A Collection of Unemployment Compensation Law Writings by James W. Cushing, Esquire

Over the course of my career, I have written extensively on a wide variety of unemployment compensation law issues and legal principles.  These writings have been published in The Legal IntelligencerUpon Further Review, and The Pennsylvania Family Lawyer as well as posted onto my blog.  I have collected these articles and blog posts and have listed them below.  Thanks for reading!


Blog Posts:


Unemployment Compensation Over Payment Cases – Fault or No Fault?

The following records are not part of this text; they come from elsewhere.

(* Let $\mathcal H_A=\mathcal H_B=\mathbb C^3$ and consider the nine product states $|0\rangle|0\pm1\rangle$, $|0\pm1\rangle|2\rangle$, $|2\rangle|1\pm2\rangle$, $|1\pm2\rangle|0\rangle$, $|1\rangle|1\rangle$ (first factor Alice's, second Bob's). (a) If $|\Phi\rangle\in\mathcal H_{A'}\otimes\mathcal H_{B'}$ is such that these nine states tensored with $|\Phi\rangle$ are perfectly distinguishable by one-way LOCC from Alice to Bob, then the Schmidt rank of $|\Phi\rangle$ is at least $3$ (and rank $3$ suffices). (b) There is a state $|\Phi\rangle$ of Schmidt rank $2$ (an EPR pair) such that the nine states tensored with $|\Phi\rangle$ are perfectly distinguishable by finite-round two-way LOCC.
   Context: $|a\pm b\rangle:=(|a\rangle\pm|b\rangle)/\sqrt2$ with $\{|0\rangle,|1\rangle,|2\rangle\}$ the computational basis of $\mathbb C^3$. Alice holds $\mathcal H_A\otimes\mathcal H_{A'}$ and Bob holds $\mathcal H_B\otimes\mathcal H_{B'}$. One-way LOCC distinguishability: Alice measures, sends her outcome to Bob, Bob measures depending on it, and the outcomes identify the state with certainty. Two-way LOCC: finitely many alternating rounds of local measurements with classical communication in both directions. *)

theory Defs
  imports Complex_Main
begin

text \<open>Finite-dimensional vectors/matrices are represented by functions on natural
indices with explicit dimension bounds.  A pure bipartite state of a system with
Alice dimension dA and Bob dimension dB is represented by its coefficient matrix
psi :: nat => nat => complex, psi a b being the amplitude of basis vector |a>|b>
(a < dA, b < dB).\<close>

type_synonym cvec = "nat \<Rightarrow> complex"
type_synonym cmat = "nat \<Rightarrow> nat \<Rightarrow> complex"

People who are out of work often have the option to file for, and collect, unemployment compensation benefits to help fill the gap, financially speaking, until they can secure new employment.  As one may expect, however, not everyone who applies for benefits are eligible to collect them.  Ineligibility for benefits can be caused by a variety of factors including, but not limited to, issues regarding self-employment (see here and here), conflicts with other benefits (see here and here), conflicts with retirement (see here and here), issues surrounding termination due to willful misconduct (see here and here and here), issues surrounding whether one voluntarily quit (see here), and/or issues regarding whether one is available for work (see here).

Now, there is a delay between one’s application for benefits and a ruling that one is ineligible and, very often, during that interval a claimant will receive benefits.  If, after receipt of benefits, it is determined that the claimant was ineligible, then the benefits he received would be considered, retroactively, an over payment to him as he ought not have received them in the first place due to being declared ineligible.

The obvious question here is this: what is the consequence to receiving benefits to which one is not entitled?  There are two possible results based on a finding of the claimant’s intentions when his application for benefits were made.  Were the claimant’s intentions “innocent” (in that he acted honestly with Unemployment Compensation at all times) when he applied for benefits which, as a result of the same, he was granted benefits inadvertently?  Or, were did the claimant act with deception or fraud when applying for benefits which resulted in him being dishonest with Unemployment Compensation?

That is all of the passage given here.